Ok :) Skoro dla tych lekarzy Bog znajduje sie na pierwszym miejscu, to zamiast "dowodow wdziecznosci" w formie koperty, niech zaczna przyjmowac swiete obrazki ;)
Gościu 17:35 powiedz mi w którym punkcie ta deklaracja koliduje z dobrem chorego? Ja nie widzę w niej nic złego i nie wiem skąd to wasze oburzenie. To już publicznie wiary nie można wyznać? Co za czasy!
Trochę nie rozumiem o co tyle krzyku. Przecież w/w deklarację podpisuje tylko część lekarzy. A taka deklaracja wręcz krzyczy do pacjentów a raczej pacjentek: nie zwracajcie się do mnie z kwestiami, które są dla mnie nie do przejścia z uwagi na poglądy. Każdy może wybrać sobie lekarza, więc co za problem? Sama jestem niewierząca, nieraz próbowano mnie "przekabacić" ba udowodnić istnienie boga. Sama nie będę narzucać swojego zdania innym, bo każdy ma prawo, by myśleć po swojemu i wg swoich poglądów postępować. Przyznajemy homoseksualistom prawo do manifestowania swej seksualności, niech sobie ci lekarze podpisują deklaracje.

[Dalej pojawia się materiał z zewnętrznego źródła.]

(* The log-linear model $\mathcal{L}(\widetilde\Phi_k\times\Psi:\ 1\le k\le n-1)$ of strictly positive $L_S$-decomposable distributions on $S_n$ has number of free parameters \[ c_n=\sum_{i=1}^n\left[\binom{n}{i}-1\right]=2^n-n-1. \]
   Context: $S_n$ is the group of permutations of $\{1,\ldots,n\}$. Product partition of the $n\times n$ board: $\mathcal{B}=\mathcal{R}\times\mathcal{C}=(R_i\times C_j)$ for partitions $\mathcal{R},\mathcal{C}$ of $\{1,\ldots,n\}$, with marginal $|\pi_{\mathcal{B}}|=(t_{ij})$, $t_{ij}=|\{s:(s,\pi(s))\in R_i\times C_j\}|$; $U^{\mathcal{B}}=\{v\in\mathbb{R}^{S_n}: |\pi_{\mathcal{B}}|=|\sigma_{\mathcal{B}}|\Rightarrow v(\pi)=v(\sigma)\}$. $\mathcal{L}(\mathcal{B}_1,\ldots,\mathcal{B}_m)$ is the set of strictly positive distributions $p$ on $S_n$ with $\log p\in U:=\mathrm{Span}(U^{\mathcal{B}_1},\ldots,U^{\mathcal{B}_m})$; its number of free parameters is $\dim U-1$. Thin sections $\widetilde\Phi_k=(\{1,\ldots,k\},\{k+1,\ldots,n\})$; full partition $\Psi=(\{1\},\ldots,\{n\})$. *)

theory Defs
  imports "HOL-Analysis.Analysis" "HOL-Library.Function_Algebras"
begin

text \<open>Permutations of {1..n} are functions nat => nat with p permutes {1..n};
  real vectors indexed by S_n are functions (nat => nat) => real vanishing outside S_n.\<close>

definition Sn :: "nat \<Rightarrow> (nat \<Rightarrow> nat) set" where
  "Sn n = {p. p permutes {1..n}}"

definition marginal :: "(nat \<Rightarrow> nat) \<Rightarrow> nat set \<Rightarrow> nat set \<Rightarrow> nat" where
  "marginal p A B = card {s. s \<in> A \<and> p s \<in> B}"

text \<open>U^B for the product partition B = R x C (R, C partitions of {1..n} given as sets of blocks).\<close>
definition UB :: "nat \<Rightarrow> nat set set \<Rightarrow> nat set set \<Rightarrow> ((nat \<Rightarrow> nat) \<Rightarrow> real) set" where
  "UB n R C = {v. (\<forall>p\<in>Sn n. \<forall>q\<in>Sn n.
                    (\<forall>A\<in>R. \<forall>B\<in>C. marginal p A B = marginal q A B) \<longrightarrow> v p = v q)
               \<and> (\<forall>p. p \<notin> Sn n \<longrightarrow> v p = 0)}"

definition thin_section :: "nat \<Rightarrow> nat \<Rightarrow> nat set set" where
  "thin_section n k = {{1..k}, {k+1..n}}"

definition full_partition :: "nat \<Rightarrow> nat set set" where
  "full_partition n = {{i} | i. i \<in> {1..n}}"

abbreviation rscale :: "real \<Rightarrow> ((nat \<Rightarrow> nat) \<Rightarrow> real) \<Rightarrow> ((nat \<Rightarrow> nat) \<Rightarrow> real)" where
  "rscale c v \<equiv> (\<lambda>p. c * v p)"

definition log_linear_space :: "nat \<Rightarrow> (nat set set \<times> nat set set) set \<Rightarrow> ((nat \<Rightarrow> nat) \<Rightarrow> real) set" where
  "log_linear_space n Bs = module.span rscale (\<Union>(R,C)\<in>Bs. UB n R C)"

definition num_free_params :: "nat \<Rightarrow> (nat set set \<times> nat set set) set \<Rightarrow> nat" where
  "num_free_params n Bs = vector_space.dim rscale (log_linear_space n Bs) - 1"

end

theory Submission
  imports Defs "HOL-Combinatorics.Permutations"
begin

(* For a permutation p of {1..n} and a thin section (\<open>{1..k}\<close>, \<open>{k+1..n}\<close>)
   crossed with the full partition, the marginal of p records exactly the prefix image
   \<open>p ` {1..k}\<close>.  Hence U^k consists of the functions on S_n that depend only on this
   k-set, and it is spanned by the indicators F_S of the events \<open>p ` {1..card S} = S\<close>,
   S a k-subset of {1..n}.  The model space U is therefore spanned by the F_S for all
   nonempty proper subsets S.  On every level k the F_S sum to the indicator of S_n,
   so one may drop the F_S for the initial segments \<open>{1..k}\<close>, 2 \<le> k \<le> n-1.  The remaining
   2^n - n functions are linearly independent: a vanishing combination with
   coefficients d gives \<open>\<Sum>k. d (p ` {1..k}) = 0\<close> for every p; comparing two
   permutations that differ by an adjacent transposition shows that d is constant on
   each level, hence zero on levels \<ge> 2 and then, evaluating at the identity, on level 1.
   So dim U = 2^n - n, and the number of free parameters is 2^n - n - 1. *)

interpretation V: vector_space rscale
  by unfold_locales (auto simp: fun_eq_iff algebra_simps)

lemma sum_apply_fun: "(\<Sum>x\<in>A. g x) p = (\<Sum>x\<in>A. g x p)"
  by (induction A rule: infinite_finite_induct) auto

lemma sum_delta_at: "finite A \<Longrightarrow> x \<in> A \<Longrightarrow> (\<Sum>T\<in>A. if T = x then f T else 0) = f x"
  by simp

section \<open>Permutations and their prefix images\<close>

lemma Sn_inj: "p \<in> Sn n \<Longrightarrow> inj p"
  unfolding Sn_def using permutes_inj by blast

lemma id_in_Sn: "id \<in> Sn n"
  unfolding Sn_def by (simp add: permutes_id)

lemma prefix_subset: "p \<in> Sn n \<Longrightarrow> k \<le> n \<Longrightarrow> p ` {1..k} \<subseteq> {1..n}"
  unfolding Sn_def using permutes_image[of p "{1..n}"] by auto

lemma card_prefix: "p \<in> Sn n \<Longrightarrow> card (p ` {1..k}) = k"
  by (simp add: card_image inj_on_subset[OF Sn_inj])

lemma suffix_image:
  assumes "p \<in> Sn n"
  shows "p ` {k+1..n} = {1..n} - p ` {1..k}"
proof -
  have "{k+1..n} = {1..n} - {1..k}" by auto
  then have "p ` {k+1..n} = p ` {1..n} - p ` {1..k}"
    using Sn_inj[OF assms] by (simp add: image_set_diff)
  moreover have "p ` {1..n} = {1..n}" using assms unfolding Sn_def by (simp add: permutes_image)
  ultimately show ?thesis by simp
qed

Jeśli prowadzą prywatną praktykę i jasno zaznaczą, że są z tych co podpisali deklaracje to ok. inaczej oczekuję, że spełnią moje życzenia jako pacjenta, a nie odmawiając pomocy powołując się na wiarę będą szkodzić mojemu zdrowiu.
Ekhem a jakie to niby jest to Twoje życzenie? Żaden lekarz, nawet wierzący na pewno leczenie Ci nie odmówi bo nie o to chodzi w tej deklaracji. Nie ośmieszaj się więc po raz kolejny!
gosciu z Dzis 20:23 - Tu raczej chodzi o to zeby te pacjentki zwracały sie do tych lekarzy własnie prywatnie.Poglądy to lekarz powinien zostawiac w domu. Zapewniam Cie ze jesli chodziłoby o praktykę prywatną, większosc lekarzy byłaby zdecydowanie na ,,NIE''
a mogę prosić o skonkretyzowanie? na nie wobec deklaracji czy na nie wobec aborcji na przykład?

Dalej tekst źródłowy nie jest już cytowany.